Rob called, “I just purely love to see all us good folks fixin to set right down to a big ol’ plate of fatty beef that’ll half kill us, with a heapin helpin of our Christian fellowshippin on the side! We’ll realize maybe for the first time in our whole lives how much we like these durned ol’ neg-ros that’s waitin on us hand and foot, and what a grand country we have here in the good ol’ U.S. and A where coloreds can talk to white folks just so nice and friendly you’d almost think they was human beins same as us!”
Before the poor woman could chastise him, Rob turned on her with a beatific smile. “Don’t y’all love pickaninnies, honey? So much
The big black man had fallen quiet.
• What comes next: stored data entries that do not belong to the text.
lemma curl_eq_0_on_edge: "curl \<xi> (edge_pt a b s) = 0"
  by (rule curl_eq_0_if_pd_eq_0[OF poly]) (simp add: pd_def dd_xi_eq_0_on_edge)

lemma dd_curl_utangent_eq_0_on_edge: "dd (curl \<xi>) (utangent a b) (edge_pt a b s) = 0"
proof -
  have "dd (\<lambda>y. curl \<xi> y $ i) (utangent a b) (edge_pt a b s) = 0" for i
    by (rule dd_utangent_eq_0_on_edge[OF polyfun_curl_component]) (simp add: curl_eq_0_on_edge)
  then show ?thesis by (simp add: vec_eq_iff dd_component[OF vpolyfun_curl_xi])
qed

lemma dd_curl_n1_eq_0_on_edge: "dd (curl \<xi>) n1 (edge_pt a b s) = 0"
  by (rule edge_vector_zero_of_bubble_moments[OF distinct vpolyfun_dd[OF vpolyfun_curl_xi]
        vanishes_to_order_dd_curl _ curl_n1_dof]) simp

lemma dd_curl_n2_tangential_eq_0_on_edge:
  "dd (curl \<xi>) n2 (edge_pt a b s) - (dd (curl \<xi>) n2 (edge_pt a b s) \<bullet> n2) *\<^sub>R n2 = 0"
proof -
  define G where "G y = dd (curl \<xi>) n2 y - (dd (curl \<xi>) n2 y \<bullet> n2) *\<^sub>R n2" for y
  have lin: "linear (\<lambda>w. (w - (w \<bullet> n2) *\<^sub>R n2) $ i)" for i
    by (rule linearI) (simp_all add: algebra_simps)
  note dd_curl = vpolyfun_dd[OF vpolyfun_curl_xi, of n2]
  have "vpolyfun (k - 1 - 1 - 1) G"
    unfolding vpolyfun_def G_def using polyfun_linear_functional[OF lin dd_curl] by blast
  moreover have "vanishes_to_order 2 (\<lambda>y. G y $ i) x" if "x \<in> {a, b}" for x i
    unfolding G_def
    by (rule vanishes_to_order_linear_functional[OF lin dd_curl]) (use that vanishes_to_order_dd_curl in auto)
  ultimately show ?thesis
    using edge_vector_zero_of_bubble_moments[OF distinct, of _ G 2 "k - 7"] curl_n2_dof
    unfolding G_def by simp
qed

text \<open>The n2 n2 entry is the one the degrees of freedom do not control; it is recovered from the
  vanishing divergence of the curl, i.e. from the trace of its gradient.\<close>
lemma dd_curl_eq_0_on_edge: "dd (curl \<xi>) v (edge_pt a b s) = 0"
proof -
  note lin = linear_dd[OF vpolyfun_differentiable[OF vpolyfun_curl_xi]]
  have "(\<Sum>i\<in>UNIV. dd (curl \<xi>) (axis i 1) (edge_pt a b s) $ i) = 0"
    using div_curl_eq_0[OF poly] by (simp add: dd_component[OF vpolyfun_curl_xi] pd_def)
  then have normal: "dd (curl \<xi>) n2 (edge_pt a b s) \<bullet> n2 = 0"
    using trace_eq[OF lin] dd_curl_utangent_eq_0_on_edge dd_curl_n1_eq_0_on_edge by simp
  have "dd (curl \<xi>) n2 (edge_pt a b s) = 0"
    using dd_curl_n2_tangential_eq_0_on_edge[of s] by (simp only: normal scale_zero_left diff_zero)
  then show ?thesis
    by (rule linear_eq_0[OF lin dd_curl_utangent_eq_0_on_edge dd_curl_n1_eq_0_on_edge])
qed

end

lemma orthonormal_frame_utangent:
  assumes "a \<noteq> b" "norm n1 = 1" "norm n2 = 1" "n1 \<bullet> n2 = 0" "n1 \<bullet> (b - a) = 0" "n2 \<bullet> (b - a) = 0"
  shows "orthonormal_frame (utangent a b) n1 n2"
proof
  have "norm (utangent a b) = 1" using assms(1) by (simp add: utangent_def)
  then show "utangent a b \<bullet> utangent a b = 1" by (simp add: dot_square_norm)
  show "n1 \<bullet> n1 = 1" "n2 \<bullet> n2 = 1" using assms(2,3) by (simp_all add: dot_square_norm)
  show "utangent a b \<bullet> n1 = 0" "utangent a b \<bullet> n2 = 0"
    using assms(5,6) by (simp_all add: utangent_def inner_commute)
qed (fact assms(4))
Slowly he turned in Rob’s direction, poised knife dripping blood, not because, as Lucius feared, he was outraged by this drunken pest but because he had intuited the anarchic spirit behind this man’s parody of that safe racism considered suitable for family gatherings and other comfortable occasions in the American home.
The candidates for fine roast beef, not realizing what Lucius was up to, had resisted his attempt to advance himself wrongfully in the line. but when they realized that this line-jumper was trying to overtake the outrageous disturber of the peace, they made way for him gratefully. “Regardless of race, color, or creed!” Rob was crying senselessly as Lucius grasped his arm.